Calc 2 exam 2

Lecture 14: Work

Work= force x distance

Force= -k(x)

In math we use F=k(x)

x represents how much the spring is stretched from its natural length

HOW TO APPROACH SPRING PROBLEMS

identify measurements given in the equation
find k, the spring constant, by plugging in given force and the difference between the spring’s final length and its natural length
1. given F= $k\left(x_2-x_1\right)$
use found spring constant in the work equation.
1. W= $\int kx$
2. since we know k, the new variable is x
integrate the equation to find amount of work required
1. the unit of measurement will be Joules

HOW TO APPROACH WATER PUMP PROBLEMS

identify measurements given in the equation
1. most often given side length of tank and density
2. IT IS COMMON THAT GRAVITY IS THE FORCE OF ACCELERATION AND IS EXPECTED TO REMAIN AS THE VARIABLE “g”
Calculate the force exerted by the water, taking into account the flow rate and density of the fluid.
1. W= Force x distance
2. F= mass x acceleration
3. F= Density x volume x acceleration
  1. use mass = density x volume, where volume can be expressed as flow rate multiplied by time. This will allow us to determine the total weight of the water contributing to the force.
Work= density x volume x acceleration x distance
1. be sure that you know the shape of the tank! this is important and necessary for calculation the volume
2. PROFESSOR LOVES TO USE CONES
  1. the volume of a cone is $\frac{\pi r^3}{4}$
Determine the height the water needs to be pumped and any friction losses in the system.
1. use variable depictions like $\Delta x$ and $x_{i}$
Integrate the final work equation to find total work in Joules
1. final answer should still have $\pi$ and g

Lecture 15: sequences

Sequences are lists of numbers like

a1, a2, a3, …, an

HOW TO TELL IF THE SEQUENCE CONVERGES OR DIVERGES

To determine if a sequence converges or diverges, we can use several tests, including the Limit Test, where we calculate the limit of the sequence as n approaches infinity.
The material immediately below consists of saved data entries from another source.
theorem corollary4p2:
  fixes \<Omega> :: "'a::euclidean_space set"
    and p q0 \<sigma> :: real
    and f lp lm v u cg cl :: "real \<Rightarrow> 'a \<Rightarrow> real"
    and G :: "real \<Rightarrow> 'a \<Rightarrow> 'a"
    and f0 lp0 lm0 v0 u0 cg0 cl0 :: "'a \<Rightarrow> real"
    and G0 :: "'a \<Rightarrow> 'a"
    and sk :: "nat \<Rightarrow> real"
  assumes "open \<Omega>" and "bounded \<Omega>"
    and "1 < p" and "1 < q0" and "p / (p - 1) > p_sharp1 DIM('a) p q0"
    and "0 < \<sigma>" and "\<sigma> < 1"
    and "\<forall>s\<in>{\<sigma><..<1}. memLp (p / (p - 1)) \<Omega> (f s) \<and> memLp (p / (p - 1)) \<Omega> (lp s)
           \<and> memLp (p / (p - 1)) \<Omega> (lm s) \<and> memLp p \<Omega> (v s)
           \<and> (AE x in lebesgue_on \<Omega>. lp s x \<ge> 0 \<and> lm s x \<ge> 0)"
    and "Lp_conv (p / (p - 1)) \<Omega> (at_left 1) f f0"
    and "Lp_conv (p / (p - 1)) \<Omega> (at_left 1) lp lp0"
    and "Lp_conv (p / (p - 1)) \<Omega> (at_left 1) lm lm0"
    and "Lp_conv p \<Omega> (at_left 1) v v0"
    and "\<forall>s\<in>{\<sigma><..<1}. two_phase_sol s p \<Omega> (f s) (lp s) (lm s) (v s) (u s) (G s) (cg s) (cl s)"
    and "\<forall>k. sk k \<in> {\<sigma><..<1}" and "sk \<longlonglongrightarrow> 1"
    and "Lp_conv p \<Omega> sequentially (\<lambda>k. u (sk k)) u0"
    and "Lp_conv p UNIV sequentially (\<lambda>k. G (sk k)) G0"
    and "two_phase_sol 1 p \<Omega> f0 lp0 lm0 v0 u0 G0 cg0 cl0"
    and "emeasure lebesgue {x \<in> \<Omega>. u0 x = v0 x} = 0"
  shows "\<forall>r. 1 \<le> r \<longrightarrow>
           Lp_conv r \<Omega> sequentially (\<lambda>k x. of_bool (u (sk k) x > v (sk k) x)) (\<lambda>x. of_bool (u0 x > v0 x))
         \<and> Lp_conv r \<Omega> sequentially (\<lambda>k x. of_bool (u (sk k) x < v (sk k) x)) (\<lambda>x. of_bool (u0 x < v0 x))"
proof (intro allI impI conjI)
  fix r :: real
  have \<Omega>: "\<Omega> \<in> lmeasurable"
    using \<open>bounded \<Omega>\<close> \<open>open \<Omega>\<close> by (rule lmeasurable_open)
  have "0 < p"
    using \<open>1 < p\<close> by simp
  have "filterlim sk (at_left 1) sequentially"
    using \<open>\<forall>k. sk k \<in> {\<sigma><..<1}\<close> \<open>sk \<longlonglongrightarrow> 1\<close>
    by (intro tendsto_imp_filterlim_at_left) auto
  with \<open>Lp_conv p \<Omega> (at_left 1) v v0\<close> have v: "Lp_conv p \<Omega> sequentially (\<lambda>k. v (sk k)) v0"
    by (rule Lp_conv_compose)
  note u = \<open>Lp_conv p \<Omega> sequentially (\<lambda>k. u (sk k)) u0\<close>
  note null = \<open>emeasure lebesgue {x \<in> \<Omega>. u0 x = v0 x} = 0\<close>
  moreover have "{x\<in>\<Omega>. v0 x = u0 x} = {x\<in>\<Omega>. u0 x = v0 x}"
    by auto
  ultimately have null': "emeasure lebesgue {x\<in>\<Omega>. v0 x = u0 x} = 0"
    by simp
  show "Lp_conv r \<Omega> sequentially (\<lambda>k x. of_bool (u (sk k) x > v (sk k) x)) (\<lambda>x. of_bool (u0 x > v0 x))"
    using \<Omega> \<open>0 < p\<close> u v null by (rule Lp_conv_of_bool_less)
  show "Lp_conv r \<Omega> sequentially (\<lambda>k x. of_bool (u (sk k) x < v (sk k) x)) (\<lambda>x. of_bool (u0 x < v0 x))"
    using \<Omega> \<open>0 < p\<close> v u null' by (rule Lp_conv_of_bool_less)
qed

end
text \<open>Convergence to 0 in (outer) probability of a sequence of real functions on M:
  for every eps > 0 the event {|Z_T| > eps} is covered by events of probability tending to 0.
  For measurable Z this is ordinary convergence in probability.\<close>
definition conv_zero_in_prob :: "'w measure \<Rightarrow> (nat \<Rightarrow> 'w \<Rightarrow> real) \<Rightarrow> bool" where
  "conv_zero_in_prob M Z \<longleftrightarrow> (\<forall>\<epsilon>>0. \<exists>A. (\<forall>T. A T \<in> sets M \<and> {\<omega> \<in> space M. \<bar>Z T \<omega>\<bar> > \<epsilon>} \<subseteq> A T)
      \<and> (\<lambda>T. measure M (A T)) \<longlonglongrightarrow> 0)"

end

theory Submission
  imports Defs
begin

text \<open>
  Both claims follow from a continuous-mapping argument: if \<open>y \<mapsto> \<mu>\<^sub>y\<close> is continuous at
  \<open>\<theta>0\<close> for the Prokhorov metric, then \<open>\<theta>*\<^sub>T \<rightarrow> \<theta>0\<close> in probability forces
  \<open>\<rho>\<^sub>P(\<mu>\<^bsub>\<theta>*\<^sub>T\<^esub>, \<mu>\<^bsub>\<theta>0\<^esub>) \<rightarrow> 0\<close> in probability. For Dirac measures
  \<open>\<rho>\<^sub>P(\<delta>\<^sub>x, \<delta>\<^sub>y) \<le> dist x y\<close>. For the normalised densities, the integrable envelope (c)
  and continuity (b) give \<open>u(\<cdot>, y) \<rightarrow> u(\<cdot>, \<theta>0)\<close> in \<open>L\<^sup>1(\<lambda>)\<close> by dominated convergence;
  since the normalising constant at \<open>\<theta>0\<close> is positive by (d), a small \<open>L\<^sup>1\<close> distance makes
  the two normalised measures agree up to \<open>\<epsilon>\<close> on every Borel set, and such uniform closeness
  bounds the Prokhorov distance.
\<close>

lemma nn_integral_tendsto_zero_dominated_by_SUP:
  fixes h :: "nat \<Rightarrow> 'a \<Rightarrow> real"
  assumes [measurable]: "\<And>i. h i \<in> borel_measurable M" "g \<in> borel_measurable M"
    and nonneg: "\<And>i x. 0 \<le> h i x"
    and lim: "\<And>x. (\<lambda>i. h i x) \<longlonglongrightarrow> g x"
    and SUP_finite: "(\<integral>\<^sup>+x. (SUP i. ennreal (h i x)) \<partial>M) < \<infinity>"
  shows "(\<lambda>i. \<integral>\<^sup>+x. ennreal \<bar>h i x - g x\<bar> \<partial>M) \<longlonglongrightarrow> 0"
proof -
  define S where "S x = (SUP i. ennreal (h i x))" for x
  have [measurable]: "S \<in> borel_measurable M"
    unfolding S_def by measurable
  have S_AE_finite: "AE x in M. S x \<noteq> \<infinity>"
    using nn_integral_PInf_AE[of S M] SUP_finite unfolding S_def by simp
  have "(\<lambda>i. \<integral>\<^sup>+x. norm (g x - h i x) \<partial>M) \<longlonglongrightarrow> 0"
  proof (rule nn_integral_dominated_convergence_norm[where w = "\<lambda>x. enn2real (S x)"])
    show "AE x in M. norm (h i x) \<le> enn2real (S x)" for i
      using S_AE_finite
    proof eventually_elim
      case (elim x)
      have "ennreal (h i x) \<le> S x"
        unfolding S_def by (rule SUP_upper) simp
      then have "enn2real (ennreal (h i x)) \<le> enn2real (S x)"
        using elim by (intro enn2real_mono) (simp_all add: less_top)
      then show ?case
        using nonneg[of i x] by simp
    qed
    have "(\<integral>\<^sup>+x. ennreal (enn2real (S x)) \<partial>M) \<le> (\<integral>\<^sup>+x. S x \<partial>M)"
      by (intro nn_integral_mono) (simp add: ennreal_enn2real_if)
    then show "(\<integral>\<^sup>+x. ennreal (enn2real (S x)) \<partial>M) < \<infinity>"
      using SUP_finite unfolding S_def by (simp add: le_less_trans)
  qed (use lim in simp_all)
  then show ?thesis
    by (simp add: abs_minus_commute)
qed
If the limit exists and equals a finite number, the sequence converges. If the limit is infinite or does not exist, the sequence diverges.

EXAMPLES)

(-1, 1, -1, 1, -1, 1, …)

this series oscillates and therefore diverges

(1, 1/2, 1/3, 1/4, …)

This series has an increasing denominator as it grows closer to infinity, therefore this series converges to 0

ABSOLUTE CONVERGENCE THEOREM

$\lim_{n\rightarrow\infty}\left\vert a_{n}\right\vert=0$

then

$\lim_{n\rightarrow\infty}a_{n}=0$

This theorem establishes that if the limit of the absolute values of the series terms approaches zero, then the series itself converges to zero, thereby confirming the conditions required for absolute convergence.

THIS IS NECESSARY FOR SERIES THAT SEEM TO OSCILLATE, meaning they bounce back and forth from negative to positive

Lecture 16: Series

SN= a1+a2+ … +an

This is the same as

$\Sigma\left(a_{n}\right)=\Sigma\left(n\right)$

Partial sums

the addition of the an and all of the prior an sums
S5= a1+a2+a3+a4+a5

Partial sums tend to cancel to show final SN equation

manipulate the SN to allow for cancellations, but make sure to end with a SN on the left and a new equation on the right
plug the new equation in the summation, then test its limit approaching infinity
- this will show a new form allowing for convergence to be found in a simpler manner

REMEMBER: a series is the sum of an infinite list of numbers

you can not have a series without a sequence
series uses summation notation, sequences use brackets and commas

TEST FOR DIVERGENCE

If the limit of the sequence does not approach zero, the series diverges.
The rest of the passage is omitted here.